Work instructions: In the records below, pick out all lines containing the word "close".

Stored data

BEGIN

definition majority_vote :: "'a set \<Rightarrow> ('a set \<Rightarrow> 'a \<Rightarrow> bool) \<Rightarrow> 'a \<Rightarrow> bool" where
  "majority_vote W \<sigma> x = majority (triples_through W x) (\<lambda>R. \<sigma> R x)"

lemma card_minority_triples_through_le:
  assumes "finite W" "x \<in> W"
  shows "card {R \<in> triples_through W x. \<sigma> R x \<noteq> majority_vote W \<sigma> x} * ((card W - 1) choose 2)
           \<le> card {(R, S). R \<in> triples_through W x \<and> S \<in> triples_through W x \<and>
                         \<sigma> R x \<noteq> \<sigma> S x \<and> R \<inter> S = {x}}
             + ((card W - 1) choose 2) * (2 * card W)"
proof -
  define Tx where "Tx = triples_through W x"
  have fin_Tx: "finite Tx" using assms(1) by (simp add: Tx_def finite_triples_through)
  have "card {R \<in> Tx. \<sigma> R x \<noteq> majority_vote W \<sigma> x} * ((card W - 1) choose 2)
          \<le> card {(R, S). R \<in> Tx \<and> S \<in> Tx \<and> \<sigma> R x \<noteq> \<sigma> S x}"
    using card_minority_mult_le_disagreements[OF fin_Tx, of "\<lambda>R. \<sigma> R x"]
    by (simp add: majority_vote_def Tx_def card_triples_through assms)
  also have "\<dots> \<le> card ({(R, S). R \<in> Tx \<and> S \<in> Tx \<and> \<sigma> R x \<noteq> \<sigma> S x \<and> R \<inter> S = {x}}
                       \<union> {(R, S). R \<in> Tx \<and> S \<in> Tx \<and> R \<inter> S \<noteq> {x}})"
    using fin_Tx by (intro card_mono) (auto intro: finite_subset[of _ "Tx \<times> Tx"])
  also have "\<dots> \<le> card {(R, S). R \<in> Tx \<and> S \<in> Tx \<and> \<sigma> R x \<noteq> \<sigma> S x \<and> R \<inter> S = {x}}
                  + card {(R, S). R \<in> Tx \<and> S \<in> Tx \<and> R \<inter> S \<noteq> {x}}"
    by (rule card_Un_le)
  also have "card {(R, S). R \<in> Tx \<and> S \<in> Tx \<and> R \<inter> S \<noteq> {x}} \<le> ((card W - 1) choose 2) * (2 * card W)"
    using card_overlapping_triples_through_le[OF assms(1), of x] card_triples_through[OF assms]
    by (simp add: Tx_def)
  finally show ?thesis by (simp add: Tx_def)
qed

lemma choose_mult_card_mislabelled_triples_le:
  assumes "finite W"
  shows "((card W - 1) choose 2) * card {R. R \<subseteq> W \<and> card R = 3 \<and> \<not> (\<forall>x\<in>R. \<sigma> R x = majority_vote W \<sigma> x)}
           \<le> 5120 * card {L. L \<subseteq> W \<and> card L = 5 \<and> \<not> consistent5 \<sigma> L}
             + card W * (((card W - 1) choose 2) * (2 * card W))"
proof -
  define N where "N = (card W - 1) choose 2"
  define M where "M x = {R \<in> triples_through W x. \<sigma> R x \<noteq> majority_vote W \<sigma> x}" for x
  define Q where "Q x = {(R, S). R \<in> triples_through W x \<and> S \<in> triples_through W x \<and>
                                 \<sigma> R x \<noteq> \<sigma> S x \<and> R \<inter> S = {x}}" for x
  have "{R. R \<subseteq> W \<and> card R = 3 \<and> \<not> (\<forall>x\<in>R. \<sigma> R x = majority_vote W \<sigma> x)} \<subseteq> (\<Union>x\<in>W. M x)"
    by (auto simp: M_def triples_through_def)
  moreover have "finite (\<Union>x\<in>W. M x)"
    using assms by (simp add: M_def finite_triples_through)
  ultimately have "card {R. R \<subseteq> W \<and> card R = 3 \<and> \<not> (\<forall>x\<in>R. \<sigma> R x = majority_vote W \<sigma> x)}
                     \<le> card (\<Union>x\<in>W. M x)"
    by (rule card_mono[rotated])
  also have "\<dots> \<le> (\<Sum>x\<in>W. card (M x))" by (rule card_UN_le[OF assms])
  finally have "N * card {R. R \<subseteq> W \<and> card R = 3 \<and> \<not> (\<forall>x\<in>R. \<sigma> R x = majority_vote W \<sigma> x)}
                  \<le> (\<Sum>x\<in>W. card (M x) * N)"
    by (simp add: sum_distrib_left[symmetric] mult.commute)
  also have "\<dots> \<le> (\<Sum>x\<in>W. card (Q x) + N * (2 * card W))"
    using card_minority_triples_through_le[OF assms] by (intro sum_mono) (simp add: M_def Q_def N_def)
  also have "\<dots> = (\<Sum>x\<in>W. card (Q x)) + card W * (N * (2 * card W))"
    by (simp add: sum.distrib)
  also have "\<dots> \<le> 5120 * card {L. L \<subseteq> W \<and> card L = 5 \<and> \<not> consistent5 \<sigma> L} + card W * (N * (2 * card W))"
    using sum_card_disagreeing_pairs_meeting_in_point_le[OF assms, of \<sigma>] by (simp add: Q_def)
  finally show ?thesis by (simp add: N_def)
qed

lemma binomial_5_mult_60_le: "real (t choose 5) * 60 \<le> real ((t - 1) choose 2) * real t ^ 3"
proof (cases "t < 5")
  case True
  then show ?thesis by (simp add: binomial_eq_0)
next
  case False
  then have C5: "real (t choose 5) * 120 = real t * (real t - 1) * (real t - 2) * (real t - 3) * (real t - 4)"
    and N: "real ((t - 1) choose 2) = (real t - 1) * (real t - 2) / 2"
    by (simp_all add: binomial_altdef_of_nat eval_nat_numeral field_simps)
  have "real (t choose 5) * 60 = real ((t - 1) choose 2) * (real t * (real t - 3) * (real t - 4))"
    unfolding N using C5 by (simp add: field_simps)
  also have "\<dots> \<le> real ((t - 1) choose 2) * real t ^ 3"
    using False by (intro mult_left_mono) (auto simp: power3_eq_cube intro!: mult_mono)
  finally show ?thesis .
qed

lemma binomial_3_mult_3: "3 * (t choose 3) = t * ((t - 1) choose 2)"
  using times_binomial_minus1_eq[of 3 t] by simp

lemma square_le_4_binomial_2:
  assumes "6 \<le> t"
  shows "real t ^ 2 \<le> 4 * real ((t - 1) choose 2)"
proof -
  have "real ((t - 1) choose 2) * 2 = (real t - 1) * (real t - 2)"
    using assms by (simp add: binomial_altdef_of_nat eval_nat_numeral field_simps)
  moreover have "real t * (real t - 6) \<ge> 0" using assms by simp
  ultimately show ?thesis by (simp add: power2_eq_square algebra_simps)
qed

lemma card_mislabelled_triples_le:
  fixes \<epsilon> :: real and \<sigma> :: "'a set \<Rightarrow> 'a \<Rightarrow> bool"
  assumes "finite W" "0 < \<epsilon>" "\<epsilon> \<le> 1" "100 \<le> \<epsilon> * card W"
    and inconsistent: "real (card {L. L \<subseteq> W \<and> card L = 5 \<and> \<not> consistent5 \<sigma> L})
                         \<le> \<epsilon> / 10000 * real (card W choose 5)"
  shows "real (card {R. R \<subseteq> W \<and> card R = 3 \<and> \<not> (\<forall>x\<in>R. \<sigma> R x = majority_vote W \<sigma> x)})
           \<le> \<epsilon> * real (card W choose 3)"
proof -
  define s where "s = real (card W)"
  define N where "N = real ((card W - 1) choose 2)"
  define B where "B = real (card {R. R \<subseteq> W \<and> card R = 3 \<and> \<not> (\<forall>x\<in>R. \<sigma> R x = majority_vote W \<sigma> x)})"
  have "100 \<le> s" using assms(4) mult_right_mono[OF assms(3), of s] by (simp add: s_def)
  have "s ^ 2 \<le> 4 * N"
    unfolding s_def N_def using \<open>100 \<le> s\<close> by (intro square_le_4_binomial_2) (simp add: s_def)
  moreover have "0 < s ^ 2" using \<open>100 \<le> s\<close> by simp
  ultimately have "0 < N" by linarith
  have "N * B \<le> 5120 * (\<epsilon> / 10000 * real (card W choose 5)) + s * (N * (2 * s))"
    using of_nat_mono[where 'a = real, OF choose_mult_card_mislabelled_triples_le[OF assms(1), of \<sigma>]] inconsistent
    unfolding s_def N_def B_def by simp
  also have "\<dots> \<le> 5120 * (\<epsilon> / 10000 * (N * s ^ 3 / 60)) + N * (2 * s ^ 2)"
    using binomial_5_mult_60_le[of "card W"] assms(2) unfolding s_def N_def
    by (simp add: power2_eq_square mult_ac)
  also have "\<dots> = N * (5120 / 600000 * (\<epsilon> * s ^ 3) + 2 * s ^ 2)"
    by (simp add: algebra_simps)
  finally have "B \<le> 5120 / 600000 * (\<epsilon> * s ^ 3) + 2 * s ^ 2"
    using \<open>0 < N\<close> by (simp add: mult_le_cancel_left_pos)
  moreover have "2 * s ^ 2 \<le> \<epsilon> * s ^ 3 / 50"
    using mult_right_mono[OF assms(4), of "s ^ 2"] by (simp add: s_def power2_eq_square power3_eq_cube)
  moreover have "0 \<le> \<epsilon> * s ^ 3" using assms(2) \<open>100 \<le> s\<close> by simp
  ultimately have "B \<le> \<epsilon> * s ^ 3 / 12" by linarith
  also have "\<dots> = \<epsilon> * s * (s ^ 2 / 4) / 3"
    by (simp add: power2_eq_square power3_eq_cube)
  also have "\<dots> \<le> \<epsilon> * s * N / 3"
    using \<open>s ^ 2 \<le> 4 * N\<close> assms(2) \<open>100 \<le> s\<close> by (intro divide_right_mono mult_left_mono) auto
  also have "\<dots> = \<epsilon> * real (card W choose 3)"
    using arg_cong[OF binomial_3_mult_3[of "card W"], of real] unfolding s_def N_def by simp
  finally show ?thesis unfolding B_def .
qed

lemma card_subsets_filter_add_card_subsets_filter_not:
  assumes "finite W"
  shows "card {L. L \<subseteq> W \<and> card L = k \<and> P L} + card {L. L \<subseteq> W \<and> card L = k \<and> \<not> P L} = card W choose k"
proof -
  have "finite {L. L \<subseteq> W \<and> card L = k \<and> Q L}" for Q
    using assms by (auto intro: finite_subset[of _ "Pow W"])
  then have "card {L. L \<subseteq> W \<and> card L = k \<and> P L} + card {L. L \<subseteq> W \<and> card L = k \<and> \<not> P L}
               = card ({L. L \<subseteq> W \<and> card L = k \<and> P L} \<union> {L. L \<subseteq> W \<and> card L = k \<and> \<not> P L})"
    by (intro card_Un_disjoint[symmetric]) auto
  also have "{L. L \<subseteq> W \<and> card L = k \<and> P L} \<union> {L. L \<subseteq> W \<and> card L = k \<and> \<not> P L} = {L. L \<subseteq> W \<and> card L = k}"
    by auto
  finally show ?thesis using n_subsets[OF assms] by simp
qed

theorem lemma6:
  fixes \<epsilon> :: real
  assumes "0 < \<epsilon>" and "\<epsilon> < 1"
  shows "\<exists>\<xi>::real. \<xi> > 0 \<and> (\<exists>t0::nat. \<forall>(W::nat set) (\<sigma>::nat set \<Rightarrow> nat \<Rightarrow> bool).
           finite W \<and> card W \<ge> t0 \<and>
           real (card {L. L \<subseteq> W \<and> card L = 5 \<and> consistent5 \<sigma> L})
             \<ge> (1 - \<xi>) * real (card W choose 5)
           \<longrightarrow> (\<exists>f::nat \<Rightarrow> bool.
                 real (card {R. R \<subseteq> W \<and> card R = 3 \<and> \<not> (\<forall>x\<in>R. \<sigma> R x = f x)})
                   \<le> \<epsilon> * real (card W choose 3)))"
proof (intro exI[of _ "\<epsilon> / 10000"] conjI exI[of _ "nat \<lceil>100 / \<epsilon>\<rceil>"] allI impI; (elim conjE)?)
  show "0 < \<epsilon> / 10000" using assms(1) by simp
  fix W :: "nat set" and \<sigma> :: "nat set \<Rightarrow> nat \<Rightarrow> bool"
  assume "finite W" and large: "nat \<lceil>100 / \<epsilon>\<rceil> \<le> card W"
    and consistent: "(1 - \<epsilon> / 10000) * real (card W choose 5)
                       \<le> real (card {L. L \<subseteq> W \<and> card L = 5 \<and> consistent5 \<sigma> L})"
  have "100 \<le> \<epsilon> * card W"
    using large assms(1) by (simp add: divide_le_eq mult.commute)
  moreover have "real (card {L. L \<subseteq> W \<and> card L = 5 \<and> \<not> consistent5 \<sigma> L}) \<le> \<epsilon> / 10000 * real (card W choose 5)"
    using consistent of_nat_add[where 'a = real, symmetric,
        of "card {L. L \<subseteq> W \<and> card L = 5 \<and> consistent5 \<sigma> L}"]
      card_subsets_filter_add_card_subsets_filter_not[OF \<open>finite W\<close>, of 5 "consistent5 \<sigma>"]
    by (simp add: algebra_simps)
  ultimately show "\<exists>f. real (card {R. R \<subseteq> W \<and> card R = 3 \<and> \<not> (\<forall>x\<in>R. \<sigma> R x = f x)})
                        \<le> \<epsilon> * real (card W choose 3)"
    using card_mislabelled_triples_le[OF \<open>finite W\<close> assms(1) less_imp_le[OF assms(2)]] by blast
qed

end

END

Solution for this problem:
    unfolding s_def N_def using \<open>100 \<le> s\<close> by (intro square_le_4_binomial_2) (simp add: s_def)
  moreover have "0 < s ^ 2" using \<open>100 \<le> s\<close> by simp
    using \<open>0 < N\<close> by (simp add: mult_le_cancel_left_pos)
  moreover have "0 \<le> \<epsilon> * s ^ 3" using assms(2) \<open>100 \<le> s\<close> by simp
    using \<open>s ^ 2 \<le> 4 * N\<close> assms(2) \<open>100 \<le> s\<close> by (intro divide_right_mono mult_left_mono) auto
      card_subsets_filter_add_card_subsets_filter_not[OF \<open>finite W\<close>, of 5 "consistent5 \<sigma>"]
    using card_mislabelled_triples_le[OF \<open>finite W\<close> assms(1) less_imp_le[OF assms(2)]] by blast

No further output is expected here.